Background information: When an "embedded" serialized index becomes too big, it is spilled out to separately stored index stripes. The embedded index then tracks the changes on top of the spilled out index stripes. Such a change can be an update (a different non-null value) or a remove. In case of a removal, the value becomes null. Such removed elements must be visible within the index implementation, but never be exposed via the API.

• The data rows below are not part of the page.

lemma forced_system_stays_at_rest:
  assumes sys: "forced_system_on {\<tau><..<b} P a \<gamma> G u y"
    and "\<tau> \<le> b" "a \<ge> 0" "L \<ge> 0" "continuous_on {\<tau>..b} u" "continuous_on {\<tau>..b} y"
    and P: "\<And>t. t \<in> {\<tau><..<b} \<Longrightarrow> 0 < P t \<and> P t \<le> A"
    and near: "\<And>t. t \<in> {\<tau><..<b} \<Longrightarrow> u t \<le> c \<and> \<bar>y t\<bar> \<le> 1 \<and> \<bar>G t\<bar> \<le> L * (c - u t)"
    and "u \<tau> = c" "y \<tau> = 0"
  shows "u b = c"
proof -
  define E where "E t = (c - u t)\<^sup>2 + (y t)\<^sup>2" for t
  have "E b = 0"
  proof (rule gronwall_vanishing[of \<tau> b E _ "A + L + 2 * \<bar>\<gamma>\<bar>"])
    show "continuous_on {\<tau>..b} E"
      unfolding E_def by (intro continuous_intros assms(5,6))
    fix t assume t: "\<tau> < t" "t < b"
    let ?\<Phi> = "y t * \<bar>y t\<bar> powr a"
    show "(E has_real_derivative 2 * (c - u t) * - (P t * ?\<Phi>) + 2 * y t * (\<gamma> * y t - G t)) (at t)"
      using sys t unfolding E_def forced_system_on_def
      by (auto intro!: derivative_eq_intros simp: algebra_simps)
    show "2 * (c - u t) * - (P t * ?\<Phi>) + 2 * y t * (\<gamma> * y t - G t) \<le> (A + L + 2 * \<bar>\<gamma>\<bar>) * E t"
      unfolding E_def using t P[of t] near[of t] abs_signed_powr_le[OF \<open>a \<ge> 0\<close>, of "y t"] \<open>L \<ge> 0\<close>
      by (intro energy_derivative_bound) auto
  qed (use assms(2,9,10) in \<open>auto simp: E_def\<close>)
  then show ?thesis
    unfolding E_def by (simp add: sum_power2_eq_zero_iff)
qed

lemma forced_system_below_level:
  assumes sys: "forced_system_on {s<..<s'} P a \<gamma> G u y"
    and "s < s'" "a \<ge> 0" "L \<ge> 0" "\<delta> > 0"
    and cu: "continuous_on {s..s'} u" and cy: "continuous_on {s..s'} y"
    and P: "\<And>t. t \<in> {s<..<s'} \<Longrightarrow> 0 < P t \<and> P t \<le> A"
    and above: "\<And>t. t \<in> {s<..<s'} \<Longrightarrow> c \<le> u t \<Longrightarrow> G t \<le> 0"
    and below: "\<And>t. t \<in> {s<..<s'} \<Longrightarrow> c - \<delta> \<le> u t \<Longrightarrow> u t \<le> c \<Longrightarrow> \<bar>G t\<bar> \<le> L * (c - u t)"
    and "u s < c" "u s' < c"
  shows "\<forall>t\<in>{s..s'}. u t < c"
proof (rule ccontr)
  assume "\<not> ?thesis"
  then obtain t0 where "t0 \<in> {s..s'}" "c \<le> u t0"
    by force
  obtain \<tau> where "\<tau> \<in> {s..s'}" and max: "\<And>t. t \<in> {s..s'} \<Longrightarrow> u t \<le> u \<tau>"
    and last: "\<And>t. \<tau> < t \<Longrightarrow> t \<le> s' \<Longrightarrow> u t < u \<tau>"
    using continuous_on_last_maximiser[OF _ cu] \<open>s < s'\<close> by auto
  have "c \<le> u \<tau>"
    using max[of t0] \<open>t0 \<in> {s..s'}\<close> \<open>c \<le> u t0\<close> by linarith
  then have \<tau>: "\<tau> \<in> {s<..<s'}"
    using \<open>\<tau> \<in> {s..s'}\<close> \<open>u s < c\<close> \<open>u s' < c\<close> by (cases "\<tau> = s \<or> \<tau> = s'") auto
  have du: "(u has_real_derivative P \<tau> * (y \<tau> * \<bar>y \<tau>\<bar> powr a)) (at \<tau>)"
    and dy: "(y has_real_derivative \<gamma> * y \<tau> - G \<tau>) (at \<tau>)"
    using sys \<tau> unfolding forced_system_on_def by auto
  have "P \<tau> * (y \<tau> * \<bar>y \<tau>\<bar> powr a) = 0"
    by (rule DERIV_local_max[OF du, of "min (\<tau> - s) (s' - \<tau>)"]) (use \<tau> in \<open>auto intro!: max simp: abs_less_iff\<close>)
  then have "y \<tau> = 0"
    using P[OF \<tau>] by simp
  have u_lim: "(u \<longlongrightarrow> u \<tau>) (at_right \<tau>)"
    using DERIV_isCont[OF du] unfolding isCont_def by (rule tendsto_mono[OF at_le[OF subset_UNIV]])
  have "(y \<longlongrightarrow> y \<tau>) (at_right \<tau>)"
    using DERIV_isCont[OF dy] unfolding isCont_def by (rule tendsto_mono[OF at_le[OF subset_UNIV]])
  then have y_lim: "(y \<longlongrightarrow> 0) (at_right \<tau>)"
    using \<open>y \<tau> = 0\<close> by simp
  have right_of_\<tau>: "\<exists>b\<in>{\<tau><..<s'}. \<forall>t\<in>{\<tau><..<b}. Q t" if "\<forall>\<^sub>F t in at_right \<tau>. Q t" for Q
  proof -
    have "\<forall>\<^sub>F t in at_right \<tau>. Q t \<and> t \<in> {\<tau><..<s'}"
      using that eventually_at_right_real[of \<tau> s'] \<tau> by (auto intro: eventually_conj)
    then obtain b where "b > \<tau>" and b: "\<And>t. \<tau> < t \<Longrightarrow> t < b \<Longrightarrow> Q t \<and> t \<in> {\<tau><..<s'}"
      unfolding eventually_at_right_field by blast
    then have "(\<tau> + b) / 2 \<in> {\<tau><..<s'}"
      using b[of "(\<tau> + b) / 2"] by auto
    then show ?thesis
      using b by (intro bexI[of _ "(\<tau> + b) / 2"]) auto
  qed
  have sub: "{\<tau><..<b} \<subseteq> {s<..<s'}" "{\<tau>..b} \<subseteq> {s..s'}" if "b \<in> {\<tau><..<s'}" for b
    using that \<tau> by auto
  consider "c < u \<tau>" | "u \<tau> = c"
    using \<open>c \<le> u \<tau>\<close> by linarith
  then show False
  proof cases
    case 1
    then have "\<forall>\<^sub>F t in at_right \<tau>. c < u t"
      using order_tendstoD(1)[OF u_lim] by blast
    then obtain b where b: "b \<in> {\<tau><..<s'}" and above_c: "\<And>t. t \<in> {\<tau><..<b} \<Longrightarrow> c < u t"
      using right_of_\<tau> by blast
    have "u \<tau> \<le> u b"
    proof (rule forced_system_nondecreasing[OF forced_system_on_subset[OF sys sub(1)[OF b]]])
      show "continuous_on {\<tau>..b} u" "continuous_on {\<tau>..b} y"
        using continuous_on_subset[OF cu sub(2)[OF b]] continuous_on_subset[OF cy sub(2)[OF b]] .
      show "P t > 0" "G t \<le> 0" if "t \<in> {\<tau><..<b}" for t
        using that sub(1)[OF b] P[of t] above[of t] above_c[OF that]
        by auto
    qed (use b \<open>y \<tau> = 0\<close> in auto)
    then show False
      using last[of b] b by auto
  next
    case 2
    have "\<forall>\<^sub>F t in at_right \<tau>. c - \<delta> < u t \<and> -1 < y t \<and> y t < 1"
      using order_tendstoD[OF u_lim] order_tendstoD[OF y_lim] 2 \<open>\<delta> > 0\<close>
      by (intro eventually_conj) auto
    then obtain b where b: "b \<in> {\<tau><..<s'}"
      and near: "\<And>t. t \<in> {\<tau><..<b} \<Longrightarrow> c - \<delta> < u t \<and> -1 < y t \<and> y t < 1"
      using right_of_\<tau> by blast
    have "u b = c"
    proof (rule forced_system_stays_at_rest[OF forced_system_on_subset[OF sys sub(1)[OF b]]])
      show "continuous_on {\<tau>..b} u" "continuous_on {\<tau>..b} y"
        using continuous_on_subset[OF cu sub(2)[OF b]] continuous_on_subset[OF cy sub(2)[OF b]] .
      fix t assume t: "t \<in> {\<tau><..<b}"
      show "0 < P t \<and> P t \<le> A"
        using P[of t] sub(1)[OF b] t by auto
      have "u t \<le> c"
        using max[of t] sub(2)[OF b] t 2 by auto
      then show "u t \<le> c \<and> \<bar>y t\<bar> \<le> 1 \<and> \<bar>G t\<bar> \<le> L * (c - u t)"
        using below[of t] near[OF t] sub(1)[OF b] t by auto
    qed (use b 2 \<open>y \<tau> = 0\<close> \<open>a \<ge> 0\<close> \<open>L \<ge> 0\<close> in auto)
    then show False
      using last[of b] b 2 by auto
  qed
qed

Within the current implementation, it is possible that the iterators of the `Index` API return elements with `null` values. This may cause NPEs. This change enforces that index elements returned by the `Index` API iterators can never yield `null` values. The actual fix is in `IndexSpi` using the new iterator base class. The only place where `null` values could "escape" from the index API was in the `.(reverse)iterator()` functions in `IndexSpi`. The iterator implementation has been updated to skip elements with `null` values. While the mentione change alone would have been sufficient, it seemed better to make the null-safety guarantees visible at the API level. Chosing `Map.Entry` as the type for index elements seemed to be logical at the time of writing. As both `Map.Entry.getKey()` and `Map.Entry.getValue()` are nullable, it makes it difficult to "see" potential non-nullable violations in the code base. To address this issue, the `Map.Entry` interface has been replaced in the API with a new `Index.Element` interface with `@Nonnull` annotated functions. The implementation internal and package-private interface `IndexElement` was renamed to `InternalIndexElement`, now implementing `Index.Element`. Background information: When an "embedded" serialized index becomes too big, it is spilled out to separately stored index stripes. The embedded index then tracks the changes on top of the spilled out index stripes. Such a change can be an update (a different non-null value) or a remove. In case of a removal, the value becomes `null`. Such removed elements must be visible within the index implementation, but never be exposed via the API.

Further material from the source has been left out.